The example with the burger mixup is a great example of an injection attack. This has happened to me by accident so many times when I've been playing around with large language models especially Bing. Bing has sometimes thought it was the user, put part or all of its response in #suggestions, or even once put half of its reply in what appeared to be MY message as a response to itself, and then responded to it on its own. It usually lead to it generating complete nonsense or it ended the conversation early in confusion after it messed up like that, but it was interesting to see.
@MWilsonnnn 1 year ago

The explanation was the best I have heard for explainging it simply so far, thanks for that
@Stdvwr 1 year ago

I think there is more to it than just separation of instructions and data. If we ask the model why does did it say that LiveOverflow broke the rules, it could answer "because ZetaTwo said so". This response would make perfect sense, and would demonstrate perfect text comprehension by the model. What could go wrong is the good old misalignment, when the prompt engineer wanted an AI to judge the comments, but the AI dug deeper and believed ZetaTwo's conclusion.
@kusog3 1 year ago

I like how informative this video is. It dispels some misinformation that is floating around and causing unnecessary fear from all the doom and gloom or hype train people are selling. Instant sub!
@gwentarinokripperinolkjdsf683 1 year ago

Could you reduce the chance of your user name being selected by specifically crafting your user name to use certain tokens?
@bluesque9687 1 year ago

Brilliant Brilliant channel and content, and really nice and likeable man, and good presentations!! Feel lucky and excited to have found your channel (obviously subscribed)!
@-tsvk- 1 year ago

As far as I have understood, it's possible to prompt GPT to "act as a web service that accepts and emits JSON only" or similar, which makes the chat inputs and outputs be more structured and parseable.
@miserablepile 1 year ago

So glad you made the AI infinitely generated website!
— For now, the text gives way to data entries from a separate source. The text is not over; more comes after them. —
lemma homogeneous_in_psubst:
  assumes "poly_in V p" "homogeneous_in S d p"
    and "\<And>v. v \<in> V \<Longrightarrow> homogeneous_in S' (if v \<in> S then 1 else 0) (\<sigma> v)"
  shows "homogeneous_in S' d (psubst \<sigma> p)"
  unfolding psubst_def
proof (intro homogeneous_in_sum homogeneous_in_PConst_mult)
  fix m assume m: "m \<in> Poly_Mapping.keys p"
  have "homogeneous_in S' (\<Sum>v\<in>Poly_Mapping.keys m. (if v \<in> S then 1 else 0) * Poly_Mapping.lookup m v)
      (\<Prod>v\<in>Poly_Mapping.keys m. \<sigma> v ^ Poly_Mapping.lookup m v)"
    using assms(1) m by (intro homogeneous_in_prod homogeneous_in_power assms(3)) (auto simp: poly_in_def)
  moreover have "(\<Sum>v\<in>Poly_Mapping.keys m. (if v \<in> S then 1 else 0) * Poly_Mapping.lookup m v) = d"
    using assms(2) m by (simp add: homogeneous_in_def deg_in_def sum.inter_restrict of_bool_def [symmetric])
  ultimately show "homogeneous_in S' d (\<Prod>v\<in>Poly_Mapping.keys m. \<sigma> v ^ Poly_Mapping.lookup m v)"
    by simp
qed

section \<open>Matrices of polynomials\<close>

lemma index_mult_mat_sum:
  assumes "A \<in> carrier_mat n k" "B \<in> carrier_mat k n'" "i < n" "j < n'"
  shows "(A * B) $$ (i, j) = (\<Sum>l<k. A $$ (i, l) * B $$ (l, j))"
proof -
  have "(A * B) $$ (i, j) = (\<Sum>l\<in>{0..<k}. row A i $ l * col B j $ l)"
    using assms by (simp add: scalar_prod_def)
  also have "\<dots> = (\<Sum>l<k. A $$ (i, l) * B $$ (l, j))"
    using assms by (auto simp: atLeast0LessThan intro!: sum.cong)
  finally show ?thesis .
qed

lemma conj_mult_conj:
  fixes H :: "'a::semiring_1 mat"
  assumes "H \<in> carrier_mat n n" "H * transpose_mat H = 1\<^sub>m n" "A \<in> carrier_mat n n" "B \<in> carrier_mat n n"
  shows "(transpose_mat H * A * H) * (transpose_mat H * B * H) = transpose_mat H * (A * B) * H"
proof -
  let ?Ht = "transpose_mat H"
  have c: "?Ht \<in> carrier_mat n n" "?Ht * A \<in> carrier_mat n n" "B * H \<in> carrier_mat n n"
    using assms by auto
  have "(?Ht * A * H) * (?Ht * B * H) = (?Ht * A) * (H * (?Ht * (B * H)))"
    using assms c by (simp add: assoc_mult_mat[of _ n n _ n _ n])
  also have "H * (?Ht * (B * H)) = (H * ?Ht) * (B * H)"
    using assms c by (intro assoc_mult_mat[symmetric]) auto
  also have "(?Ht * A) * ((H * ?Ht) * (B * H)) = ?Ht * (A * B) * H"
    using assms c by (simp add: assoc_mult_mat[of _ n n _ n _ n] left_mult_one_mat[OF c(3)])
  finally show ?thesis .
qed

abbreviation const_mat :: "'k::comm_ring_1 mat \<Rightarrow> ('v, 'k) mpoly mat" where
  "const_mat h \<equiv> map_mat PConst h"

lemma map_mat_psubst_conj:
  fixes h :: "'k::comm_ring_1 mat"
  assumes "h \<in> carrier_mat n n" "A \<in> carrier_mat n n"
  shows "map_mat (psubst \<sigma>) (transpose_mat (const_mat h) * A * const_mat h)
    = transpose_mat (const_mat h) * map_mat (psubst \<sigma>) A * const_mat h"
proof -
  let ?H = "const_mat h :: ('v, 'k) mpoly mat"
  have fix_H: "map_mat (psubst \<sigma>) ?H = ?H" "map_mat (psubst \<sigma>) (transpose_mat ?H) = transpose_mat ?H"
    by (auto intro!: eq_matI)
  have "map_mat (psubst \<sigma>) (transpose_mat ?H * A * ?H)
      = map_mat (psubst \<sigma>) (transpose_mat ?H * A) * map_mat (psubst \<sigma>) ?H"
    using assms by (intro psubst.mat_hom_mult[of _ n n]) auto
  also have "map_mat (psubst \<sigma>) (transpose_mat ?H * A)
      = map_mat (psubst \<sigma>) (transpose_mat ?H) * map_mat (psubst \<sigma>) A"
    using assms by (intro psubst.mat_hom_mult[of _ n n]) auto
  finally show ?thesis
    by (simp only: fix_H)
qed

lemma SO3_const_mat_mult_transpose:
  assumes "(h :: 'k::field mat) \<in> SO3"
  shows "const_mat h * transpose_mat (const_mat h) = (1\<^sub>m 3 :: ('v, 'k) mpoly mat)"
proof -
  have h: "h \<in> carrier_mat 3 3" "transpose_mat h * h = 1\<^sub>m 3"
    using assms by (auto simp: SO3_def)
  have "h * transpose_mat h = 1\<^sub>m 3"
    using h mat_mult_left_right_inverse[of "transpose_mat h" 3 h] by simp
  then have "const_mat (h * transpose_mat h) = (1\<^sub>m 3 :: ('v, 'k) mpoly mat)"
    by (simp add: PConst.mat_hom_one)
  moreover have "const_mat (h * transpose_mat h) = (const_mat h * transpose_mat (const_mat h) :: ('v, 'k) mpoly mat)"
    using h(1) PConst.mat_hom_mult[of h 3 3 "transpose_mat h" 3] by (simp add: map_mat_transpose)
  ultimately show ?thesis
    by simp
qed

(* Entries of products are expanded explicitly, by index_mult_mat_sum and index_conj_mat. *)
declare index_mult_mat(1) [simp del]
I was just struck by that same idea the other day, and I'm glad to see someone did the idea justice!
@Fifi70 1 year ago

Das war mit Abstand die bester Erklärung zu openAI dir ich bisher gesehen habe danke dir!
@cmilkau 1 year ago

It is possible to have special tokens in the prompt that are basically the equivalent of double quotes, only that it's impossible for the user to type them (they do not correspond to any text). However, a LLM is no parser. It can get confused if the user input really sounds like a prompt.